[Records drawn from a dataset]
-- Opening Marker --

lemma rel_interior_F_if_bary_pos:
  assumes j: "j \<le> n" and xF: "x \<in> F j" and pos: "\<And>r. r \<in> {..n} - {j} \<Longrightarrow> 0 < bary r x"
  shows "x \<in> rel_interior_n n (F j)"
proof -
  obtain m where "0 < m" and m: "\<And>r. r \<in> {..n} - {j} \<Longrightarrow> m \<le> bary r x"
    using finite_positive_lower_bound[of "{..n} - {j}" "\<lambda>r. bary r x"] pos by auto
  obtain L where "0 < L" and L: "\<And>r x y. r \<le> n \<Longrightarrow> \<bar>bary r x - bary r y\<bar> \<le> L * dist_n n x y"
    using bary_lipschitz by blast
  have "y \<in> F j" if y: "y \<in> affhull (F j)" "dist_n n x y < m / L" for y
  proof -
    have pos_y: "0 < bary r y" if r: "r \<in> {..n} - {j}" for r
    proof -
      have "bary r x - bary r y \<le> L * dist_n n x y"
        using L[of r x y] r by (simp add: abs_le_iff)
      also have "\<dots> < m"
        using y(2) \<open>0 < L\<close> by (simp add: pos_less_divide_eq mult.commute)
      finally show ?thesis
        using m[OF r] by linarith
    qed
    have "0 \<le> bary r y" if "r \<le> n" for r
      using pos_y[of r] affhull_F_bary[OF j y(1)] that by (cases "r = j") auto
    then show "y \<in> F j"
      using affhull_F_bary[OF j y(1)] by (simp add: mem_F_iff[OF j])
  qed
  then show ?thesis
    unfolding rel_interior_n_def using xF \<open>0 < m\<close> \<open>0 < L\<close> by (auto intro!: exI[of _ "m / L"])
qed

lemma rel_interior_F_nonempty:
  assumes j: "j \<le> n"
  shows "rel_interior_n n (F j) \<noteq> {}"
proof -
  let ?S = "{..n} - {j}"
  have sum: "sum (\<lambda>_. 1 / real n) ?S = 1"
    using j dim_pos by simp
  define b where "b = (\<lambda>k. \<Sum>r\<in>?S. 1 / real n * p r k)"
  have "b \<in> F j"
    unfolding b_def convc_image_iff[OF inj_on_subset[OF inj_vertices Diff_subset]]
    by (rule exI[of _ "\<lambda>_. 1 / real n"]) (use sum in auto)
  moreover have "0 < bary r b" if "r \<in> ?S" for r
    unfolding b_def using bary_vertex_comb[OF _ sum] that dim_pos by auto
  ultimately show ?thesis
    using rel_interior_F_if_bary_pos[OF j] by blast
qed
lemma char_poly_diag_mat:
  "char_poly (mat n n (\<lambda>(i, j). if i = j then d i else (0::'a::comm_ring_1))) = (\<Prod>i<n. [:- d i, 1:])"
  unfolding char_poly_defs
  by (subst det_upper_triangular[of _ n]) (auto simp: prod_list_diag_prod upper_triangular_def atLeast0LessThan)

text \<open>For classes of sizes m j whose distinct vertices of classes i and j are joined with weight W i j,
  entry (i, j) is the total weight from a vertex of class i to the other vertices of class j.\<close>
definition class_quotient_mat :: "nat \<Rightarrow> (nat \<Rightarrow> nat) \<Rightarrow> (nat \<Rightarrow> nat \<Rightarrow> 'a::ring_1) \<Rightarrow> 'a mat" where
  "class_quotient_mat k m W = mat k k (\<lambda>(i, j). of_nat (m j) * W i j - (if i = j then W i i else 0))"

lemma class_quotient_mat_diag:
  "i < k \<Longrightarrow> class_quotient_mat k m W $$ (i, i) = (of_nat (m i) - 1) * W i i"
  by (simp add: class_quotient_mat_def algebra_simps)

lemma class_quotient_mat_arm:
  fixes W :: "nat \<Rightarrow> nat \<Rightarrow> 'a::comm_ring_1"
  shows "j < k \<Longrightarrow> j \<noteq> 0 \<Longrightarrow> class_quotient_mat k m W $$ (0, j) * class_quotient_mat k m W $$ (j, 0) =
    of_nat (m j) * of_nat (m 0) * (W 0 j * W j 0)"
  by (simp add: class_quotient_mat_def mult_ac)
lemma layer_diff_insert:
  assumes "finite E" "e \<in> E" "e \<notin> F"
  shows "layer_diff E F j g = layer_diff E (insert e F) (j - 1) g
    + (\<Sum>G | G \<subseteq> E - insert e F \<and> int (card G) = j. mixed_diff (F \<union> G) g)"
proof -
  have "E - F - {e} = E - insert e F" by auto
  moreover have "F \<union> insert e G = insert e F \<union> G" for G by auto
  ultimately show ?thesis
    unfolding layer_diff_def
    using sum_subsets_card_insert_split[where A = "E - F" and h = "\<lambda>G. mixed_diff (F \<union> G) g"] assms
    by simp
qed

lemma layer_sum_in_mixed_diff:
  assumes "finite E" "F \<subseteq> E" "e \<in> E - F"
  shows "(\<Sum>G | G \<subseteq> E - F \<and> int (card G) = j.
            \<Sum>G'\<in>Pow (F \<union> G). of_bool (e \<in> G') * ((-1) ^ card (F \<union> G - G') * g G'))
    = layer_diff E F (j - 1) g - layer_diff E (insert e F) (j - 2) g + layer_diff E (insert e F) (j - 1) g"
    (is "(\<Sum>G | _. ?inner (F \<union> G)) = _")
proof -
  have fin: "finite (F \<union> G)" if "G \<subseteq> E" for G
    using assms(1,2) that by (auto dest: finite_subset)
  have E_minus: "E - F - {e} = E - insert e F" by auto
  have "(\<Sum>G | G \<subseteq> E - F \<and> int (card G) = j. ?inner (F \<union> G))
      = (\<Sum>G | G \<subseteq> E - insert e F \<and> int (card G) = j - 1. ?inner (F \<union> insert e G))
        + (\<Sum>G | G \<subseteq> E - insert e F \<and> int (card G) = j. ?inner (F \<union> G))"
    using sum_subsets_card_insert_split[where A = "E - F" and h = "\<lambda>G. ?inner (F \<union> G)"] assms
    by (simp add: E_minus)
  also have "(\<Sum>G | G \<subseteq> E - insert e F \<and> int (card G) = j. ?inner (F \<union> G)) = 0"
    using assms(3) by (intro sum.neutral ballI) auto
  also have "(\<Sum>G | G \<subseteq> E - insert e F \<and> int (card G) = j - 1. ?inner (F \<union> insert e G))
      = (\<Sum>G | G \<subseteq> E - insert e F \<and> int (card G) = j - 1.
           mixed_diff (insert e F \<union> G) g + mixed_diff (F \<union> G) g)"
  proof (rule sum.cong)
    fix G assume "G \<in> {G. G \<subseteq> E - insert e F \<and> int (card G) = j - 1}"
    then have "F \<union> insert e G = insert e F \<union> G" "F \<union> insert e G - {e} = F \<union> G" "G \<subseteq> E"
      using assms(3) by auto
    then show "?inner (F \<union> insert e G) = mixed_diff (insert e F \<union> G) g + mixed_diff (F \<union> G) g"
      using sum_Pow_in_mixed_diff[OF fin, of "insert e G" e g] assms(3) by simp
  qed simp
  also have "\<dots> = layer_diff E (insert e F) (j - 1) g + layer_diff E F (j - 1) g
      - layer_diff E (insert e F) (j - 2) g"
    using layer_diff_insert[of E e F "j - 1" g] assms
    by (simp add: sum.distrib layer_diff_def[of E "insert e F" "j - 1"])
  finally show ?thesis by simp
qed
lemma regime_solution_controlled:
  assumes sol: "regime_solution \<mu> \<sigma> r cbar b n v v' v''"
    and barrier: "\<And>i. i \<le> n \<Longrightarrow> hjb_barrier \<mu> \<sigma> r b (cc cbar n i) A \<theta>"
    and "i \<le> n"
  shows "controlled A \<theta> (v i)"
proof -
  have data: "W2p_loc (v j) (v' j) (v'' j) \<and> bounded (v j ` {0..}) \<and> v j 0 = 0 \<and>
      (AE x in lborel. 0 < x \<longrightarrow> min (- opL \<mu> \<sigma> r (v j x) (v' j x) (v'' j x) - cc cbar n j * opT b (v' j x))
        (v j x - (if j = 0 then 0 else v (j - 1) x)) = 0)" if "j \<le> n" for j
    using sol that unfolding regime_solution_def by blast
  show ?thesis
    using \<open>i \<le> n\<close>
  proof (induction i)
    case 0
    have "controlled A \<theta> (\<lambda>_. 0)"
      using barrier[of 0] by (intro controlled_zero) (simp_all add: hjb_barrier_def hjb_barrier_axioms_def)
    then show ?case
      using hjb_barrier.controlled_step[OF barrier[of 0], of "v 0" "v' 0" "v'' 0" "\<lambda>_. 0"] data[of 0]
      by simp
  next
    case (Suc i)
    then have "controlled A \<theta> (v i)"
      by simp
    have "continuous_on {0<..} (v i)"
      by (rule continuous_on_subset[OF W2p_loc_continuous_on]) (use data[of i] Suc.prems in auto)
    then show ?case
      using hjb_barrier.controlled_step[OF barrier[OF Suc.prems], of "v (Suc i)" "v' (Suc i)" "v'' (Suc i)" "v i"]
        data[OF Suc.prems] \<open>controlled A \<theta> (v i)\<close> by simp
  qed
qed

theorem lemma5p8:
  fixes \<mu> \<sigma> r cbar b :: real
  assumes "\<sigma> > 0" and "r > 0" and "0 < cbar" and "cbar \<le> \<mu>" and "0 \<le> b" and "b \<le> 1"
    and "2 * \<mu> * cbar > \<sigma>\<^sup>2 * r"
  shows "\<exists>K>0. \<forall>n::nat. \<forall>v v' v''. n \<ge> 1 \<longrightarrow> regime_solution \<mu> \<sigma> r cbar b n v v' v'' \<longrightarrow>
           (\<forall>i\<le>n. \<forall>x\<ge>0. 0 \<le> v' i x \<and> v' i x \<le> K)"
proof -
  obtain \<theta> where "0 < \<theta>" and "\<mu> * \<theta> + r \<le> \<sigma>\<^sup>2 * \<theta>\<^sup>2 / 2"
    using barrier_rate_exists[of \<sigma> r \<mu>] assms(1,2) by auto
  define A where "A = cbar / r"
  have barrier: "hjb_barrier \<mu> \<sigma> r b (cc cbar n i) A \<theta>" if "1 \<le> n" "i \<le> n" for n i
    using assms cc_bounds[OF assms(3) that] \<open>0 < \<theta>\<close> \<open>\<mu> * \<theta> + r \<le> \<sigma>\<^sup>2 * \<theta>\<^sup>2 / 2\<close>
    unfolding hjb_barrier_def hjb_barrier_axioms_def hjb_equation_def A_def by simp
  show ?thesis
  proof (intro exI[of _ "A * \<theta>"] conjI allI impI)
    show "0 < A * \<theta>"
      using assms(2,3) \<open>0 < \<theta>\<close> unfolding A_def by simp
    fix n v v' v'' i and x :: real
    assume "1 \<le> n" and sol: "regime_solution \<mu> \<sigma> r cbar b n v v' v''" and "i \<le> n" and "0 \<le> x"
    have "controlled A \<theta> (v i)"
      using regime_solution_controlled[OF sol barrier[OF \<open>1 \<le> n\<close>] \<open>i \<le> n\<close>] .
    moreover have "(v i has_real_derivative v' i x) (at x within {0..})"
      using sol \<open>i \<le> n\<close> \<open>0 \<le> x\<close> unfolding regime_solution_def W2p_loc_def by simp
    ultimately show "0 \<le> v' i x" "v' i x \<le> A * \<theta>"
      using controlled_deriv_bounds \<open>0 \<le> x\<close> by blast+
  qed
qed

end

-- Closing Marker --
-- Opening Marker --

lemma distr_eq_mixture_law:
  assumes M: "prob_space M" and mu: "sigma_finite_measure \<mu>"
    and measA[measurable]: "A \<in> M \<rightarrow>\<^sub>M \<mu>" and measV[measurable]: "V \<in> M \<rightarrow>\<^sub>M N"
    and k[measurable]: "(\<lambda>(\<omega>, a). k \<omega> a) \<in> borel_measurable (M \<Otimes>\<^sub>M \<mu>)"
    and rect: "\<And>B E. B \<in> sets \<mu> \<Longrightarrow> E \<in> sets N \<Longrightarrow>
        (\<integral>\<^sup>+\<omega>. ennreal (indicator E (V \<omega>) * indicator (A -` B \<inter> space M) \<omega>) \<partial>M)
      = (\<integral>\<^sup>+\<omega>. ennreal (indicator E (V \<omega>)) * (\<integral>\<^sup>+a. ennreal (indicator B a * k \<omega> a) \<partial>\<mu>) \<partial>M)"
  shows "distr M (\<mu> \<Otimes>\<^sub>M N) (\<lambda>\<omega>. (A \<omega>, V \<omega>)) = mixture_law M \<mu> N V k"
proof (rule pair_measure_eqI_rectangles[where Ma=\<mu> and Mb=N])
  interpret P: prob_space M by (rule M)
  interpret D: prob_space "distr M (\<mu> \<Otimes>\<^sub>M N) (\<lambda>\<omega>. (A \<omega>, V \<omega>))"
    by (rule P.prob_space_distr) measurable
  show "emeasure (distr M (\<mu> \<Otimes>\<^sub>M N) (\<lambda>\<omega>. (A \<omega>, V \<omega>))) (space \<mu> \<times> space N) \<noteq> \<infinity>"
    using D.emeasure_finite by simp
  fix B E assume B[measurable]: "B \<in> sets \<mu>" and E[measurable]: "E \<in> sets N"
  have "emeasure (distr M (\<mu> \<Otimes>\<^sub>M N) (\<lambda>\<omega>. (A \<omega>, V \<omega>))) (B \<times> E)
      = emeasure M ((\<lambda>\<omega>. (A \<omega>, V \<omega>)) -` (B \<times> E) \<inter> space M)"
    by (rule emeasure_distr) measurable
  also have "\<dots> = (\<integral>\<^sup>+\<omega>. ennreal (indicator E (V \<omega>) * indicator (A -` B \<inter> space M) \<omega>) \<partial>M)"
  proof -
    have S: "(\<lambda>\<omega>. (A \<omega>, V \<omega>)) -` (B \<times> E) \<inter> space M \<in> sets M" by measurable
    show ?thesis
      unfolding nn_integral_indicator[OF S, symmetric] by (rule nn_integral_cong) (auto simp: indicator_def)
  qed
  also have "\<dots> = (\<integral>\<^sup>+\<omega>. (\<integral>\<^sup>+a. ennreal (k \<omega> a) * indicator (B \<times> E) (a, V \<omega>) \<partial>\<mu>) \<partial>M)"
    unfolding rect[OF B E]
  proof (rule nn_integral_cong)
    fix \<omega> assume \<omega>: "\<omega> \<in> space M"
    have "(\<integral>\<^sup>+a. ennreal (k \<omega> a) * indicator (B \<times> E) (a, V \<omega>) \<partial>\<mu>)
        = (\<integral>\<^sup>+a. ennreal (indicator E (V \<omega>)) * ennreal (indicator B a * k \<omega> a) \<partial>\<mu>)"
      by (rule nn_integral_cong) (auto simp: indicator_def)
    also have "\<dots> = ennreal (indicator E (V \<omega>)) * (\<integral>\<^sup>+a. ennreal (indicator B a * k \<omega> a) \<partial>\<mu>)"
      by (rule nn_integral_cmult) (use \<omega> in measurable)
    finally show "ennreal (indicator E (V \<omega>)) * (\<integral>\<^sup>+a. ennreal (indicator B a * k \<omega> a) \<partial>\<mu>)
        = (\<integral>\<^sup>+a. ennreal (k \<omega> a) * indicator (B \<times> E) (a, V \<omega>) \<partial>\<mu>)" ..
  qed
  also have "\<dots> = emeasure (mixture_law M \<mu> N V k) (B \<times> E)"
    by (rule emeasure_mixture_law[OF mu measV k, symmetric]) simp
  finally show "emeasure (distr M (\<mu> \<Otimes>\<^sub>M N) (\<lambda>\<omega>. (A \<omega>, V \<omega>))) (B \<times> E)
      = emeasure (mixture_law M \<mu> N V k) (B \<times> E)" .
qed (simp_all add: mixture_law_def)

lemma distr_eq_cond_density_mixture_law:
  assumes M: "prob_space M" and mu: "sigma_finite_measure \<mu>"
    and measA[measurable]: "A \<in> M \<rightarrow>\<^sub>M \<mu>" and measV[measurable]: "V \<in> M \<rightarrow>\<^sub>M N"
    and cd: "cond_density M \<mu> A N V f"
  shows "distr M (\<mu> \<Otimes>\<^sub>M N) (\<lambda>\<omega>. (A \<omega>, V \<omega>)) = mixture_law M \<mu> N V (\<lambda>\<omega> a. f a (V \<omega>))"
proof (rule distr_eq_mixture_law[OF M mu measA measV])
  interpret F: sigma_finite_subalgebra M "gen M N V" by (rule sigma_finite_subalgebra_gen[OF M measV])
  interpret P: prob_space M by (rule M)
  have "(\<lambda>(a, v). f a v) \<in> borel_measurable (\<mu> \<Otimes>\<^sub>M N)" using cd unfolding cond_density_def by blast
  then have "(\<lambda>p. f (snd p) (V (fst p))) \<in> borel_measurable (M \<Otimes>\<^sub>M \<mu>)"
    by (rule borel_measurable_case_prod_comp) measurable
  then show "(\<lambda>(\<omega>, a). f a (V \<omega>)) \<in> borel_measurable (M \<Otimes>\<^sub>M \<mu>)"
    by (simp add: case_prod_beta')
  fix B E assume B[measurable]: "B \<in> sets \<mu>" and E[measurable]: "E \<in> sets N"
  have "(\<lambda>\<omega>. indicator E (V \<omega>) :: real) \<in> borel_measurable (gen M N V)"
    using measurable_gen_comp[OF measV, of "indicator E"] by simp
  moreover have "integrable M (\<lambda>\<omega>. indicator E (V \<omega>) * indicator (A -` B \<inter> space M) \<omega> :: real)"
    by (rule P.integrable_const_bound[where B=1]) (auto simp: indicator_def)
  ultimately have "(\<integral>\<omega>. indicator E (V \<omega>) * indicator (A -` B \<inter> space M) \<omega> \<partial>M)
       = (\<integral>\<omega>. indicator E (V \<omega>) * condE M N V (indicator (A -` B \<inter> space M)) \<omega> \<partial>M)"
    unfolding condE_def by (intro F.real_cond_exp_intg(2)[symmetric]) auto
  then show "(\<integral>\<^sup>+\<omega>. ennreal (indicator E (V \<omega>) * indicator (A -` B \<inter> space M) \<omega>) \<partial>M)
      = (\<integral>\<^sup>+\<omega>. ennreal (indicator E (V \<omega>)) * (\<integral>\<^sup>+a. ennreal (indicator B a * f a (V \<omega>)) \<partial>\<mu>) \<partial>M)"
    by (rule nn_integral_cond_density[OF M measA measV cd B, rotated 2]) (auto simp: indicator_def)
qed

-- Closing Marker --

* Work order
Working through the records above, establish how many lines contain the string "thesis", and reply with the number by itself.

* Worked solution
8